This weekly score might be part of a “dashboard” that has many other measures on it. It might have too many different measures, which means the car “dashboard” analogy quickly breaks down, but that's another blog post.
The score is higher than our target. Management congratulations the team. “Way to go!” They might write that on the dashboard. Management pats themselves on the back and says, “Yeaaaaaa, we are skilled managers. We set a target and that inspired people. Hurray!”
Life goes on.
The next week, the dashboard comes in:
Oh no! Below the target. Management says, “You all have to try harder. We know you can get an 82. Look, you did it last week.” The managers say privately, “Ah, see, people slack off when you give them too much praise. We'll remember that.”
Life goes on.
The next week, the dashboard looks like this:
Management says, “Oh no…. we were too hard on them last week.” But they still rally the team to say, “You have to do better! Give us your improvement ideas!”
Life goes on. No improvement ideas come forward (which is management's fault, if anybody's, by the way).
The week weeks come in:
Still red.
Still. Red.
What gives? Last year, they averaged 78. We set a goal at 80. Now, they can't even be above average!! The threats or the promises of rewards might get stronger.
Life goes on. Management has not asked for improvement ideas because “we already did that.”
Still red.
Red again.
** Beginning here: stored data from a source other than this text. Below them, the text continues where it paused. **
(* Let $A_\bullet$ be a simplicial commutative ring, and let $a,b\in N_n(A)$ and $c\in A_{n-1}$. Then: (1) $s_1s_0(c)\,m(a,b)\in N_{n+1}(A)$; (2) if $d_0(a)c=0=d_0(b)c$, then $s_1s_0(c)\,m(a,b)$ is a cycle; (3) if $d_0(a)c=0$ and $b$ is a boundary, then $s_1s_0(c)\,m(a,b)$ is a boundary.
   Context: For a simplicial ring $A_\bullet$ and $a,b\in A_n$ put $m(a,b)=s_0(a)s_1(b)-s_0(b)s_1(a)\in A_{n+1}$. $N_n(A)=\bigcap_{1\le i\le n}\ker(d_i:A_n\to A_{n-1})$ is the normalized chain complex with differential $d_0$; cycles and boundaries refer to this complex. *)

theory Defs
  imports "HOL-Algebra.Ring" "HOL-Algebra.RingHom"
begin

text \<open>A simplicial commutative ring, given levelwise by commutative rings R n (= A_n),
face maps d n i : A_n -> A_(n-1) (for n >= 1, i <= n) and degeneracy maps
s n i : A_n -> A_(n+1) (for i <= n), all ring homomorphisms, satisfying the
simplicial identities (on carriers).\<close>

definition simplicial_cring ::
  "(nat \<Rightarrow> ('a, 'b) ring_scheme) \<Rightarrow> (nat \<Rightarrow> nat \<Rightarrow> 'a \<Rightarrow> 'a) \<Rightarrow> (nat \<Rightarrow> nat \<Rightarrow> 'a \<Rightarrow> 'a) \<Rightarrow> bool"
where
  "simplicial_cring R d s \<longleftrightarrow>
     (\<forall>n. cring (R n)) \<and>
     (\<forall>n i. i \<le> Suc n \<longrightarrow> d (Suc n) i \<in> ring_hom (R (Suc n)) (R n)) \<and>
     (\<forall>n i. i \<le> n \<longrightarrow> s n i \<in> ring_hom (R n) (R (Suc n))) \<and>
     \<comment> \<open>d_i d_j = d_(j-1) d_i for i < j\<close>
     (\<forall>n i j x. i < j \<and> j \<le> n + 2 \<and> x \<in> carrier (R (n + 2)) \<longrightarrow>
        d (n + 1) i (d (n + 2) j x) = d (n + 1) (j - 1) (d (n + 2) i x)) \<and>
     \<comment> \<open>d_i s_j = s_(j-1) d_i for i < j\<close>
     (\<forall>n i j x. i < j \<and> j \<le> n + 1 \<and> x \<in> carrier (R (n + 1)) \<longrightarrow>
        d (n + 2) i (s (n + 1) j x) = s n (j - 1) (d (n + 1) i x)) \<and>
     \<comment> \<open>d_j s_j = id = d_(j+1) s_j\<close>
     (\<forall>n j x. j \<le> n \<and> x \<in> carrier (R n) \<longrightarrow>
        d (n + 1) j (s n j x) = x \<and> d (n + 1) (j + 1) (s n j x) = x) \<and>
     \<comment> \<open>d_i s_j = s_j d_(i-1) for i > j + 1\<close>
     (\<forall>n i j x. j + 1 < i \<and> i \<le> n + 2 \<and> x \<in> carrier (R (n + 1)) \<longrightarrow>
        d (n + 2) i (s (n + 1) j x) = s n j (d (n + 1) (i - 1) x)) \<and>
     \<comment> \<open>s_i s_j = s_(j+1) s_i for i <= j\<close>
     (\<forall>n i j x. i \<le> j \<and> j \<le> n \<and> x \<in> carrier (R n) \<longrightarrow>
        s (n + 1) i (s n j x) = s (n + 1) (j + 1) (s n i x))"
lemma norm_cesaro_kernel_deriv_le:
  assumes hol: "f holomorphic_on ball 0 1" and bound: "\<And>w. w \<in> ball 0 1 \<Longrightarrow> norm (f w) \<le> N"
    and "0 \<le> t" "t \<le> 1" and u: "u \<in> ball 0 1"
  shows "norm (cesaro_kernel_deriv f t u) \<le> 3 * N * (1 - t * norm u) powr (- 2)"
proof -
  note tu = of_real_mult_mem_unit_disc[OF assms(3-5)]
  define d where "d = 1 - t * norm u"
  have "0 < d" using tu u by (simp add: d_def)
  have "0 \<le> N" using order_trans[OF norm_ge_zero bound[of 0]] by simp
  have "norm (deriv f (of_real t * u)) \<le> 2 * N / d"
    using norm_deriv_le_unit_disc[OF hol bound tu(3)] tu by (simp add: d_def)
  then have "t * norm (deriv f (of_real t * u)) \<le> 2 * N / d"
    using \<open>t \<le> 1\<close> by (meson mult_left_le_one_le norm_ge_zero order_trans \<open>0 \<le> t\<close>)
  then have first: "norm (of_real t * deriv f (of_real t * u) / (1 - of_real t * u)) \<le> 2 * N / d / d"
    unfolding norm_divide norm_mult using tu \<open>0 < d\<close> \<open>0 \<le> N\<close> \<open>0 \<le> t\<close>
    by (intro frac_le) (auto simp: d_def)
  have "t * norm (f (of_real t * u)) \<le> N"
    using bound[OF tu(3)] \<open>t \<le> 1\<close> by (meson mult_left_le_one_le norm_ge_zero order_trans \<open>0 \<le> t\<close>)
  then have second: "norm (of_real t * f (of_real t * u) / (1 - of_real t * u)^2) \<le> N / d^2"
    unfolding norm_divide norm_mult norm_power using tu \<open>0 < d\<close> \<open>0 \<le> N\<close> \<open>0 \<le> t\<close>
    by (intro frac_le power_mono) (auto simp: d_def)
  have "norm (cesaro_kernel_deriv f t u) \<le> 2 * N / d / d + N / d^2"
    unfolding cesaro_kernel_deriv_def by (rule order.trans[OF norm_triangle_ineq add_mono[OF first second]])
  also have "\<dots> = 3 * N / d^2"
    by (simp add: power2_eq_square add_divide_distrib[symmetric])
  also have "\<dots> = 3 * N * d powr (- 2)"
    using \<open>0 < d\<close> by (simp add: powr_minus_divide)
  finally show ?thesis by (simp add: d_def)
qed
Management says, “We need to put that supervisor on a performance improvement plan, because they clearly aren't performing well.”
Fear & Pleasing the Boss
It's important to take a time out to think about what happens when people are pressured to hit a target.
Brian Joiner wrote, in his outstanding book Fourth Generation Management: The New Business Consciousness, that there are three things that can happen when you have a quota or a target imposed upon people:
- Distort the system
- Distort the numbers
- Improve the system
See examples on my blog about “gaming the numbers.”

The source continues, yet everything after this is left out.